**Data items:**
•••
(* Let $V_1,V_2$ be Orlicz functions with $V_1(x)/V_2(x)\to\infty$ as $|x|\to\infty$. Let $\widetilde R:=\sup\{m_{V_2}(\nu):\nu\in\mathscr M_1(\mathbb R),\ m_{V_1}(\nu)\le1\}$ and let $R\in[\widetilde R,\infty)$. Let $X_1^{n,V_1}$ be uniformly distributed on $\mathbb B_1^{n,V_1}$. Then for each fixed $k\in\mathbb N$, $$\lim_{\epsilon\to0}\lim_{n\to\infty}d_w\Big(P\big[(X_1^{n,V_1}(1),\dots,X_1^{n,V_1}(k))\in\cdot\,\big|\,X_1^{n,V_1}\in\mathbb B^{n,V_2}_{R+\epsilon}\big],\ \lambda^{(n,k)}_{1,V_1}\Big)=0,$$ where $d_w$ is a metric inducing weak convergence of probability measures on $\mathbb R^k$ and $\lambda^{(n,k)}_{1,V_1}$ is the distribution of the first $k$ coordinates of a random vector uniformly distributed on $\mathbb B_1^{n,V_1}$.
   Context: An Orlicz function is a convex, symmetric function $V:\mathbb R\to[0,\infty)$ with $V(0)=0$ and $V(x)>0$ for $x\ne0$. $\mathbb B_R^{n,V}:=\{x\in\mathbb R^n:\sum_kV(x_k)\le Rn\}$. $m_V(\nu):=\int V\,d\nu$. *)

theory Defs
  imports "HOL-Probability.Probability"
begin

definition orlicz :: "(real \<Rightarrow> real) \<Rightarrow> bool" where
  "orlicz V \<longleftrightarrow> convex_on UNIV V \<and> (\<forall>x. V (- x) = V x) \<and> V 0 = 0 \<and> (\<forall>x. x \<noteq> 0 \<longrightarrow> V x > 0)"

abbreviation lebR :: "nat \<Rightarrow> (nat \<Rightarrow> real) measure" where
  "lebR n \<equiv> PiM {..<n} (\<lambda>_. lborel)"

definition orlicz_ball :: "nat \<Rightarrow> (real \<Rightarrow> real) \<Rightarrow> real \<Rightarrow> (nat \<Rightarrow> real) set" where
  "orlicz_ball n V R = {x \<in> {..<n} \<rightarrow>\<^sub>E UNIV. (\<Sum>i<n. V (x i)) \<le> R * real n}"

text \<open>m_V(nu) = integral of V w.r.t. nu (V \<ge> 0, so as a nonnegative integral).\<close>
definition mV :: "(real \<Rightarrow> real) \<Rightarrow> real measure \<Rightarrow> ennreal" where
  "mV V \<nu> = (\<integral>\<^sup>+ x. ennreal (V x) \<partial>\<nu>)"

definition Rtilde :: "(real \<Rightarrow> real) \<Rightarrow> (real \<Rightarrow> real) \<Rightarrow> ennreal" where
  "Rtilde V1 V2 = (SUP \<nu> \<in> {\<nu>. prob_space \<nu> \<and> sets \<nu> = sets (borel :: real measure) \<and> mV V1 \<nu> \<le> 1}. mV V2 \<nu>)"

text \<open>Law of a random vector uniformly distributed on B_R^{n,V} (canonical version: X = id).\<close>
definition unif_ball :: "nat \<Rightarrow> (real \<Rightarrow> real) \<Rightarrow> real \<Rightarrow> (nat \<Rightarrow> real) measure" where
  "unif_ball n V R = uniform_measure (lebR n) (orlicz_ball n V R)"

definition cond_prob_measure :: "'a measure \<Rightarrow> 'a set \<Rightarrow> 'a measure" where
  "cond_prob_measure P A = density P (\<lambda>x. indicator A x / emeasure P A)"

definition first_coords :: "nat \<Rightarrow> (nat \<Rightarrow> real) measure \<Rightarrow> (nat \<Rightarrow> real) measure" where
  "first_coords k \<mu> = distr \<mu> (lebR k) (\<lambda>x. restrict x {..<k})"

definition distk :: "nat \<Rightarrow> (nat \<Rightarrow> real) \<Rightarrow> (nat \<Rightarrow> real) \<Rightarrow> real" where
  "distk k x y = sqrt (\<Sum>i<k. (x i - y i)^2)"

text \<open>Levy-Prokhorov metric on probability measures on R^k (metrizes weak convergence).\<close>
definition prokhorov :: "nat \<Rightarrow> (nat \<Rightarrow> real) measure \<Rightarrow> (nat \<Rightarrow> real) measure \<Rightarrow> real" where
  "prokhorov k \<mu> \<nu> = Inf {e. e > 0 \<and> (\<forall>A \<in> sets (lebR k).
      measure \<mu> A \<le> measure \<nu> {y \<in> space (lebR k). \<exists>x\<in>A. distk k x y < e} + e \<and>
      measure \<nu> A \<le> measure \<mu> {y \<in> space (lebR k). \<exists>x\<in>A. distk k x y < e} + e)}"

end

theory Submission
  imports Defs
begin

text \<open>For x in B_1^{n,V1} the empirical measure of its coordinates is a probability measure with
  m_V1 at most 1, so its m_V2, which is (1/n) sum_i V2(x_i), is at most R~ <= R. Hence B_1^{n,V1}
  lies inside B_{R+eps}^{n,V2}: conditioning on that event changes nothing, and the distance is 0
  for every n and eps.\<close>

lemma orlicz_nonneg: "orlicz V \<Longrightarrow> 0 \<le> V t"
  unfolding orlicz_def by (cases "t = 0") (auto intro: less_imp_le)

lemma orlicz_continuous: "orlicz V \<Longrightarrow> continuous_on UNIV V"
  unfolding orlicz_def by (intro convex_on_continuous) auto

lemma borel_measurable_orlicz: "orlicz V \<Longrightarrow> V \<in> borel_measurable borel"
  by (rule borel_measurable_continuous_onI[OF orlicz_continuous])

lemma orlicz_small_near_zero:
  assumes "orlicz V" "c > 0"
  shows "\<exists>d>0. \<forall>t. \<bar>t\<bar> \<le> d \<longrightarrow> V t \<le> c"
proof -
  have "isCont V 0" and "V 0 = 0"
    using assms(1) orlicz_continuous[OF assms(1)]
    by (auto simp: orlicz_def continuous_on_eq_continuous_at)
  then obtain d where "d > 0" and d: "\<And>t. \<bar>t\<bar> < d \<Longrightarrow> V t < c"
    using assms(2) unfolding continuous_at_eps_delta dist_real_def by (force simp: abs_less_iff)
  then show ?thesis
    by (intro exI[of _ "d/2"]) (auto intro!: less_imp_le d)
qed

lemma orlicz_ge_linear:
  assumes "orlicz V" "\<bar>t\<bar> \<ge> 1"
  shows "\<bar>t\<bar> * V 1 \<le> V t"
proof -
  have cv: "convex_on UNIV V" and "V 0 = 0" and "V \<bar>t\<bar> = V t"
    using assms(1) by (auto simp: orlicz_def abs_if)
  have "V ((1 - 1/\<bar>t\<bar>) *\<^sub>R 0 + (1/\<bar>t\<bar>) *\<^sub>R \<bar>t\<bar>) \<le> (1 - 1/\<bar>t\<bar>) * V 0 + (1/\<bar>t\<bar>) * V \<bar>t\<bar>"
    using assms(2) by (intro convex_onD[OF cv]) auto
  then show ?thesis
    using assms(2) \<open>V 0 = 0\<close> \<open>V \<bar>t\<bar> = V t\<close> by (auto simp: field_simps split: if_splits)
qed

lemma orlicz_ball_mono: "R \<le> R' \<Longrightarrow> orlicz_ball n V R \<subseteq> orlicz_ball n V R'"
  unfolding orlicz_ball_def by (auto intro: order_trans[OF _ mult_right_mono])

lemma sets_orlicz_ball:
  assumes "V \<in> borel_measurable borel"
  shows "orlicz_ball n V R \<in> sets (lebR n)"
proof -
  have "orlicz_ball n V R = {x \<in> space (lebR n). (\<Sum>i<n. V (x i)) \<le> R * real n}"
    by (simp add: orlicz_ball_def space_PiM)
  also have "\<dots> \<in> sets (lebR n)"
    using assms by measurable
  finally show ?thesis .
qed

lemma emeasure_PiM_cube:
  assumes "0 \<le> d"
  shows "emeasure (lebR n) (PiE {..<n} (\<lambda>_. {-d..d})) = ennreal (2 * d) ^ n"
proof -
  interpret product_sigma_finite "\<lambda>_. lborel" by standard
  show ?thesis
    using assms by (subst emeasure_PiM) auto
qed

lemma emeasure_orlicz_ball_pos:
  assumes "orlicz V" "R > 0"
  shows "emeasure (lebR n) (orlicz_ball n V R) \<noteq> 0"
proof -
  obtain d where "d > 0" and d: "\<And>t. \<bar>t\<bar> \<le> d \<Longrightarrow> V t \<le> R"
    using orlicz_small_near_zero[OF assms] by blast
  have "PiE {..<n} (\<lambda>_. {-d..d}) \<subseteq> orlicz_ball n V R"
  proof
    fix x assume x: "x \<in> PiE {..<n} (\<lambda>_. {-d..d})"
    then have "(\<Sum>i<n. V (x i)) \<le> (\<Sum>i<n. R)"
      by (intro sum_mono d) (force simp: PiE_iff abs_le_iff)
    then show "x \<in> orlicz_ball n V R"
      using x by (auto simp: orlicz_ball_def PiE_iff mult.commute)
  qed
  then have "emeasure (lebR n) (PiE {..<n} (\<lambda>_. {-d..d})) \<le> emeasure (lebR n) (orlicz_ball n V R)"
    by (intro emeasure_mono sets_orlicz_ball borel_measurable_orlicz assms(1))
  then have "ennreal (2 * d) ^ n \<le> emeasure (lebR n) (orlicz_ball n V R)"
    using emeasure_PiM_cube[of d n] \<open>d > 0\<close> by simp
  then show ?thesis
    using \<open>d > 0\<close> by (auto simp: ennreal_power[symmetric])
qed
•••
**TASK OBJECTIVE:**
In the records above, how many lines contain the word "assumes"? Give the number alone.

**WRITTEN SOLUTION:**
5